Extract, exactly as written, all lines of the material below from the line that includes "X \<le> FltR" through its last line.

^^^^

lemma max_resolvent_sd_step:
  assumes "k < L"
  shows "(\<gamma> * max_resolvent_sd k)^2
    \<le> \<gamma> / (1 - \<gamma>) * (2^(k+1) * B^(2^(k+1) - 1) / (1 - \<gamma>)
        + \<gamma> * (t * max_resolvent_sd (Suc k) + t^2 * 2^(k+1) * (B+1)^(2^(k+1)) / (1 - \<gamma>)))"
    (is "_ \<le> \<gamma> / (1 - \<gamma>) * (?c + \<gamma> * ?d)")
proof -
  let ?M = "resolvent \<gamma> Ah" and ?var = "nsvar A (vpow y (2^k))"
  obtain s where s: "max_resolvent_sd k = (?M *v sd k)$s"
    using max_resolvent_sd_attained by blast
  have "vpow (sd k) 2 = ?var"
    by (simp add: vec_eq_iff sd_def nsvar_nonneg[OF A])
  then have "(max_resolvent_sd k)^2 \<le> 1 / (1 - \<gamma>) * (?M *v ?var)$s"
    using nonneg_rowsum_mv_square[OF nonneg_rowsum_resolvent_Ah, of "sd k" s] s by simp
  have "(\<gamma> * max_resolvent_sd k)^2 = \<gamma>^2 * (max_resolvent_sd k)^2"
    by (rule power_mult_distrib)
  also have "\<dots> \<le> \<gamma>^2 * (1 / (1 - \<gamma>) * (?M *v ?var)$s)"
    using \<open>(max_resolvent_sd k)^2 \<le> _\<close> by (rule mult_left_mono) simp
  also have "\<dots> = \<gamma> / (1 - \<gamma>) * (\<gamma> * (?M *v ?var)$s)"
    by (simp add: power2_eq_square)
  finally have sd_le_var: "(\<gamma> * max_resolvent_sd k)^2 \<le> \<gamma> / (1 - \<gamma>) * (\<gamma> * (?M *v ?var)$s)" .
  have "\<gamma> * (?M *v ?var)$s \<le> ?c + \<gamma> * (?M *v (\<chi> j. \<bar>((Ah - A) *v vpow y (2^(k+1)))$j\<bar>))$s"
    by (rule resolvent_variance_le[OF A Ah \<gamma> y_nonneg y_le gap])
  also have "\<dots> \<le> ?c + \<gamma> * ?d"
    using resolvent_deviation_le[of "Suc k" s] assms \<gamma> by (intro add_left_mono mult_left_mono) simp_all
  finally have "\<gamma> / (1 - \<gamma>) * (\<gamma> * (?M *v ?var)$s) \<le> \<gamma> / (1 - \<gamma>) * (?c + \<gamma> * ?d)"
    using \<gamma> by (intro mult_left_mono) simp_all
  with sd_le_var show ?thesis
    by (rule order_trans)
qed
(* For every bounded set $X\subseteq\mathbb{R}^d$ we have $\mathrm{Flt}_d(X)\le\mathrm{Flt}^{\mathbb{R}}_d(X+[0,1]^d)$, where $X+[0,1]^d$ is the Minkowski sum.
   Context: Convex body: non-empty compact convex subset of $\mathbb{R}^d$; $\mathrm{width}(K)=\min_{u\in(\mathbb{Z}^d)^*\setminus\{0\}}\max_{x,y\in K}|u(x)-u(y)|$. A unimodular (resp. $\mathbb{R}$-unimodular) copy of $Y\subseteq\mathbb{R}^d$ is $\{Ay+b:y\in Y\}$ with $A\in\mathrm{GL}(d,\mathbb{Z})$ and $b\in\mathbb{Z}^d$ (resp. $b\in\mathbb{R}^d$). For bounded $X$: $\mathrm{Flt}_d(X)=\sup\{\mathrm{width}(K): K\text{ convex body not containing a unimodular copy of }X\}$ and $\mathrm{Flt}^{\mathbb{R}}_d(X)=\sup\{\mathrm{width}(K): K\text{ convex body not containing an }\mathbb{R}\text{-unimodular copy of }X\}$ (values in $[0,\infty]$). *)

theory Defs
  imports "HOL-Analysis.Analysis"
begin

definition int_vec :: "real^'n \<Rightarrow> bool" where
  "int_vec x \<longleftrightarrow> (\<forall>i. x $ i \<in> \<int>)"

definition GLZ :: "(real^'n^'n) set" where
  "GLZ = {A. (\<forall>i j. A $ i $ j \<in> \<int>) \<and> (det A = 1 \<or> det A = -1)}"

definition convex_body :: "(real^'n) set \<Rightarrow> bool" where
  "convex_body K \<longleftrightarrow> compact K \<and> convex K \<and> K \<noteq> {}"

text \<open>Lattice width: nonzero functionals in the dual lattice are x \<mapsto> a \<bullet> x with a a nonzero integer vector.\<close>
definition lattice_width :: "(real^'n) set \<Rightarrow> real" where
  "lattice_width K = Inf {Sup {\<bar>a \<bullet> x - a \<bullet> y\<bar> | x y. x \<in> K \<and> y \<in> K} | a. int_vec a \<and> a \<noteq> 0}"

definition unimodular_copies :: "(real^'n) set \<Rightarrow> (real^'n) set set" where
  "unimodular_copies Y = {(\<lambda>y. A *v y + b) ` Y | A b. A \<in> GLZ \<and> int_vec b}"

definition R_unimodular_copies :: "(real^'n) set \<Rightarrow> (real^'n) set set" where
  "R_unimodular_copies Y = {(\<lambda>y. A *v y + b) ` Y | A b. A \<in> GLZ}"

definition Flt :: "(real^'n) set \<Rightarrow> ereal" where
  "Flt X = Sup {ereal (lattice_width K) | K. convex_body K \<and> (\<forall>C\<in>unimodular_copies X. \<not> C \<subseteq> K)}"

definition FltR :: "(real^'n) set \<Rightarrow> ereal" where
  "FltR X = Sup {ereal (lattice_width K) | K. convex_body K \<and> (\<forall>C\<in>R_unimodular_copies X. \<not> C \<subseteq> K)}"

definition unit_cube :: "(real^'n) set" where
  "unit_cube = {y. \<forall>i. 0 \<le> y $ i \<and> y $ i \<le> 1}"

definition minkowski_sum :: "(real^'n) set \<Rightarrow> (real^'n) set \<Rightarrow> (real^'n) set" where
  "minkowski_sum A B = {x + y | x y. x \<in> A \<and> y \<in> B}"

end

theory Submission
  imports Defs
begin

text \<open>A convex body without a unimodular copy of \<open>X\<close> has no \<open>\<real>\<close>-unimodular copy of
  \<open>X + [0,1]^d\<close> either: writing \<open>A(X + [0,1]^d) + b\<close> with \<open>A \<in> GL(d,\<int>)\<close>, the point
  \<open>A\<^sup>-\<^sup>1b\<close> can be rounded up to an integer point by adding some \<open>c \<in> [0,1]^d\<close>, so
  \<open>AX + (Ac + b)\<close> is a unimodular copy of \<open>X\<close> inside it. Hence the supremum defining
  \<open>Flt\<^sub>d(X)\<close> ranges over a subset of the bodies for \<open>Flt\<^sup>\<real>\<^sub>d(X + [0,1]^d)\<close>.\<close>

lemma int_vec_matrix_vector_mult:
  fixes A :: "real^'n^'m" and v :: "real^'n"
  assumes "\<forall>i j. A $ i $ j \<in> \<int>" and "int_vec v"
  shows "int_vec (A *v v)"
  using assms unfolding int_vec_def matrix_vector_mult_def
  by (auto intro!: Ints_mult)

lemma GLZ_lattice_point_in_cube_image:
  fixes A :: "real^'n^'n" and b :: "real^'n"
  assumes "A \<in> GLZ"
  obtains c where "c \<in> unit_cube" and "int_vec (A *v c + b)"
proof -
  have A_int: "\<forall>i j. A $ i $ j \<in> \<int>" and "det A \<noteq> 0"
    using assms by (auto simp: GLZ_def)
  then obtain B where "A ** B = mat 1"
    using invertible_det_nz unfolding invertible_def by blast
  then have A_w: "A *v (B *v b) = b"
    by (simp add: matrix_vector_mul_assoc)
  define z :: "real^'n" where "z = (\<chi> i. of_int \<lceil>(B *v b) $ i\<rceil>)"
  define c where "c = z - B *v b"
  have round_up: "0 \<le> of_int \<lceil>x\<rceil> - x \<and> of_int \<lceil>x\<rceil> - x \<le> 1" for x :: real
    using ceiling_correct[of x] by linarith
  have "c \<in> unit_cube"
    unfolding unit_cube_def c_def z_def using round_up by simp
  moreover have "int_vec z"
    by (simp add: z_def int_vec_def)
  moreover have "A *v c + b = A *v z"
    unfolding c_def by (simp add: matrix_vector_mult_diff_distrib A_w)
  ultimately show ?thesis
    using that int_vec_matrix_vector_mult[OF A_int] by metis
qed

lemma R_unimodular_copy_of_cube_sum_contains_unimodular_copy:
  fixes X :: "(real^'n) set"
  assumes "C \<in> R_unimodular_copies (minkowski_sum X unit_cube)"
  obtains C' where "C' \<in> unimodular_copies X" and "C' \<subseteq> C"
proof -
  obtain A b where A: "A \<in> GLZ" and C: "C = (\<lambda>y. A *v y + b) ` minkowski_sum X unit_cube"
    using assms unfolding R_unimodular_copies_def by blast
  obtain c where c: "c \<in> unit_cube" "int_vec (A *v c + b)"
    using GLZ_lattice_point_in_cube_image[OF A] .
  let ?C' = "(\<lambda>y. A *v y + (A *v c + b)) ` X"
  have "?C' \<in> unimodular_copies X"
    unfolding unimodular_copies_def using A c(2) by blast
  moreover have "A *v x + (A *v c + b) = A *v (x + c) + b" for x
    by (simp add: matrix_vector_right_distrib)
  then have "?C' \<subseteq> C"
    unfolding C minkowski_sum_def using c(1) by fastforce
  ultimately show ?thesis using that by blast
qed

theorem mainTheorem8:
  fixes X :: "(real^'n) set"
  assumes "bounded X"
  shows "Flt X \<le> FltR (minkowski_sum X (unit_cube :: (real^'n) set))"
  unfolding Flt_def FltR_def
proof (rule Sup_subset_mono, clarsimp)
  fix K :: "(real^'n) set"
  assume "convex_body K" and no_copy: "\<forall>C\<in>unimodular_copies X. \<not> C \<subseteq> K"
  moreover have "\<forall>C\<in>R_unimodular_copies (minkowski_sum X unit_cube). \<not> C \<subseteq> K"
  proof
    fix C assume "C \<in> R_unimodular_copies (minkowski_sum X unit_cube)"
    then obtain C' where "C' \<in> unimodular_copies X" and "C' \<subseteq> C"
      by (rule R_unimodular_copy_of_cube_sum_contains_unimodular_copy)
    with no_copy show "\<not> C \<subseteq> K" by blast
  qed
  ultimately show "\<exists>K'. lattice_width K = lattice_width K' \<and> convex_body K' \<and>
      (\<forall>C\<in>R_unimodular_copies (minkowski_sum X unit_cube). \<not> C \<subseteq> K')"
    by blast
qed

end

^^^^

# RESPONSE FOR THIS EXERCISE
  shows "Flt X \<le> FltR (minkowski_sum X (unit_cube :: (real^'n) set))"
  unfolding Flt_def FltR_def
proof (rule Sup_subset_mono, clarsimp)
  fix K :: "(real^'n) set"
  assume "convex_body K" and no_copy: "\<forall>C\<in>unimodular_copies X. \<not> C \<subseteq> K"
  moreover have "\<forall>C\<in>R_unimodular_copies (minkowski_sum X unit_cube). \<not> C \<subseteq> K"
  proof
    fix C assume "C \<in> R_unimodular_copies (minkowski_sum X unit_cube)"
    then obtain C' where "C' \<in> unimodular_copies X" and "C' \<subseteq> C"
      by (rule R_unimodular_copy_of_cube_sum_contains_unimodular_copy)
    with no_copy show "\<not> C \<subseteq> K" by blast
  qed
  ultimately show "\<exists>K'. lattice_width K = lattice_width K' \<and> convex_body K' \<and>
      (\<forall>C\<in>R_unimodular_copies (minkowski_sum X unit_cube). \<not> C \<subseteq> K')"
    by blast
qed

end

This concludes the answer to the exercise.